Nach dem ziemlich enttäuschenden Museumsshop hatten wir erstens Hunger und zweitens noch einen halben Tag totzuschlagen. Wie am Vortag entschied ich mich für Falafel (con pikante), und infolge des unerwartet scharfen Geschmacks (wer ahnt denn schon, dass die das in Italien tatsächlich auch meinen) für eine überteuerte Cola light. Wir setzten uns schließlich auf eine Bank an einer Piazza mit einer Kirche, die verdächtig nach dem Duomo aussah.

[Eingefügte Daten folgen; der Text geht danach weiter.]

(* The radii leave a total error of 3/32 eta T (1 - delta_d), below the slack
   eta T (1 - delta_d)/8 required by kernel_prefers_target. *)
lemma concentration_event_likely:
  assumes "2 \<le> n" and dm: "data_model cS n d p \<delta>d \<delta>r o1 o2 S D X lstar"
    and \<sigma>: "\<sigma> = 1 / (real n ^ 2 * ln (real n) * sqrt (real d))" and \<eta>: "\<eta> = 1 / real n"
    and B: "real B \<ge> 4096 * (real n)\<^sup>2 * ln (real n) / (1 - \<delta>d)\<^sup>2"
    and T: "real T \<ge> ln (real n) / (1 - \<delta>d)"
  defines "E \<equiv> concentration_event n d \<sigma> D o1 o2 (T * B)
                 (\<eta> * real T * (1 - \<delta>d) / 32) (real T * real B * (1 - \<delta>d) / 16)"
  shows "E \<in> sets (train_space d \<sigma> D)" "measure (train_space d \<sigma> D) E \<ge> 1 - 40000 / real n"
proof -
  note pos = training_parameters_pos[OF \<open>2 \<le> n\<close> dm \<sigma> \<eta> B T]
  have "1 - \<delta>d > 0" using data_modelD(4)[OF dm] by simp
  note event = concentration_event_prob[OF dm \<open>\<sigma> > 0\<close> _ _ _, of "\<eta> * real T * (1 - \<delta>d) / 32"
      "real T * real B * (1 - \<delta>d) / 16" "T * B", folded E_def]
  show "E \<in> sets (train_space d \<sigma> D)"
    using event(1) pos \<open>1 - \<delta>d > 0\<close> by simp
  have "2 * (real d * \<sigma>\<^sup>2 / (\<eta> * real T * (1 - \<delta>d) / 32)\<^sup>2) \<le> 32768 / real n"
    using init_failure_le[OF \<open>2 \<le> n\<close> pos(1) \<open>1 - \<delta>d > 0\<close> \<eta> \<sigma> T] .
  moreover have "exp (1/2 - (real T * real B * (1 - \<delta>d) / 16)\<^sup>2 / (4 * real (T * B) * (real n + 1)\<^sup>2))
      \<le> 2 / real n"
    using noise_failure_le[OF \<open>2 \<le> n\<close> \<open>1 - \<delta>d > 0\<close> pos(5) B] .
  moreover have "32768 / real n + 2 / real n \<le> 40000 / real n"
    by (simp add: add_divide_distrib[symmetric] divide_right_mono)
  ultimately show "measure (train_space d \<sigma> D) E \<ge> 1 - 40000 / real n"
    using event(2) pos \<open>1 - \<delta>d > 0\<close> by fastforce
qed

lemma router_training_succeeds:
  assumes "2 \<le> n" and dm: "data_model cS n d p \<delta>d \<delta>r o1 o2 S D X lstar" and "lstar \<le> l"
    and \<sigma>: "\<sigma> = 1 / (real n ^ 2 * ln (real n) * sqrt (real d))" and \<eta>: "\<eta> = 1 / real n"
    and B: "real B \<ge> 4096 * (real n)\<^sup>2 * ln (real n) / (1 - \<delta>d)\<^sup>2"
    and T: "real T \<ge> ln (real n) / (1 - \<delta>d)"
  shows "\<exists>E \<in> sets (train_space d \<sigma> D).
           measure (train_space d \<sigma> D) E \<ge> 1 - 40000 / real n \<and>
           (\<forall>((w10, w20), s) \<in> E.
              let (w1, w2) = router_sgd n B \<eta> s w10 w20 T in
              \<forall>(x, y) \<in> X. \<forall>j<n.
                (y = 1 \<and> x j = o1 \<longrightarrow> (\<forall>J. is_topl d n l w1 x J \<longrightarrow> j \<in> J)) \<and>
                (y = -1 \<and> x j = o2 \<longrightarrow> (\<forall>J. is_topl d n l w2 x J \<longrightarrow> j \<in> J)))"
proof -
  note pos = training_parameters_pos[OF \<open>2 \<le> n\<close> dm \<sigma> \<eta> B T]
  define a where "a = \<eta> * real T * (1 - \<delta>d)"
  have "a > 0" using pos data_modelD(4)[OF dm] by (simp add: a_def)
  have "let (w1, w2) = router_sgd n B \<eta> s w10 w20 T in
      \<forall>(x, y) \<in> X. \<forall>j<n.
        (y = 1 \<and> x j = o1 \<longrightarrow> (\<forall>J. is_topl d n l w1 x J \<longrightarrow> j \<in> J)) \<and>
        (y = -1 \<and> x j = o2 \<longrightarrow> (\<forall>J. is_topl d n l w2 x J \<longrightarrow> j \<in> J))"
    if "((w10, w20), s) \<in> concentration_event n d \<sigma> D o1 o2 (T * B)
          (\<eta> * real T * (1 - \<delta>d) / 32) (real T * real B * (1 - \<delta>d) / 16)" for w10 w20 s
  proof (rule router_sgd_routes_discriminative[OF dm \<open>lstar \<le> l\<close> pos(3) _ pos(4)])
    let ?N = "vnorm d (\<lambda>i. \<Sum>k<T * B. grad_noise n o1 o2 (s k) i)"
    have "vnorm d w10 \<le> a / 32" "vnorm d w20 \<le> a / 32"
      and N: "?N \<le> real T * real B * (1 - \<delta>d) / 16"
      using that by (simp_all add: concentration_event_def a_def)
    moreover have "\<eta> / real B * ?N \<le> a / 16"
    proof -
      have "\<eta> / real B * ?N \<le> \<eta> / real B * (real T * real B * (1 - \<delta>d) / 16)"
        using N pos by (intro mult_left_mono) auto
      also have "\<dots> = a / 16"
        using pos by (simp add: a_def)
      finally show ?thesis .
    qed
    ultimately show "vnorm d w10 + \<eta> / real B * ?N < \<eta> * real T * (1 - \<delta>d) / 8"
      and "vnorm d w20 + \<eta> / real B * ?N < \<eta> * real T * (1 - \<delta>d) / 8"
      using \<open>a > 0\<close> unfolding a_def[symmetric] by linarith+
  qed (use pos in simp)
  then show ?thesis
    using concentration_event_likely[OF \<open>2 \<le> n\<close> dm \<sigma> \<eta> B T] by blast
qed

Nachdem wir uns eine Weile ausgeruht hatten (Eva hatte ja schon seit ein paar Stunden nicht mehr gesessen), fiel mir auf, dass ich kaum noch genug Fotos auf meinem Film übrig hatte und Nachschub brauchte. Also steuerten wir den nächsten Souvenirshop an, denn die Buden am Straßenrand wirkten nicht gerade seriös. Dort erbeuteten wir dann tatsächlich noch brauchbare Souvenirs. In meinem Fall war das ein dezenter Firenze-Aufnäher in rot und weiß.
Danach beschlossen wir, in die Kirche zu gehen, denn der Eintritt sollte erstaunlicherweise nur fünf Euro kosten. Die Kirche Santa Croce, die wir eigentlich erst für den Duomo hielten, (ein Irrtum, der uns erst auf dem Rückweg zum Ostello auffallen sollte) war eine der wenigen Kirchen in Italien, die auf mich nicht wie eine Touristenattraktion wirkte. Trotz der Bauarbeiten war es ruhig und die Menschen flüsterten tatsächlich. Fotos machte auch keiner. Sogar die paar Japaner verhielten sich still und unauffällig! Solche Kirchen sollte es öfter geben, dann würde ich mich vielleicht ausnahmsweise an die Sehenswürdigkeit an sich erinnern und nicht an die (nicht vorhandenen) Touristenmassen und deren Fehlverhalten.
Und eigentlich war die Kirche auch ganz schän. Es gab Grabmäler verschiedener berühmter Florentiner (wie Michelangelo) zu bewundern, und ein etwas abseits gelegener Teil wurde von Brunelleschi entworfen. Oh, und außerdem gab es Teile von der Kleidung des Heiligen Franz von Assisi, wenn ich mich recht erinnere, die in irgendeiner Glasvitrine vor sich hin dämmerten. Alles in Allem eines der lohnendsten Gotteshäuser meines Italienaufenthaltes. Schließlich setzten wir uns auf die Stufen auf dem Platz vor der Kirche, sodass Eva ihre Postkarten fertig schreiben konnte, und ich endlich mal wieder genug Zeit hatte Musik zu hören und den Touristengruppen zuzusehen. Das Ehepaar aus den Uffizien lief auch wieder an uns vorbei. Schicksal.
Nach einem weiteren Abstecher zum Supermarkt machten wir uns wieder auf den Weg zurück zum Ostello. Und dieses Mal konnten wir auch tatsächlich ins Internet. Das war am Vortag ja defekt gewesen. Also verbrachte ich eine halbe Stunde (und das ziemlich punktgenau) damit, meine circa dreihundert E-Mails im Postfach auszumisten. Es ist doch wirklich unglaublich, wie viel Mist sich in einer Woche so ansammeln kann. Und die DVD des Tages war dieses Mal Troja, ein Film, den ich mir immer mal hatte ansehen wollen. Nur Geld wollte ich dafür nicht so wirklich bezahlen. Ich wusste schließlich schon vorher, dass ich den Film im besten Falle unfreiwillig komisch finden würde, und meine Erwartungen wurden nicht enttäuscht. Als Komödie taugt er, aber als erstzunehmende Version des ursprünglichen Stoffes nicht wirklich.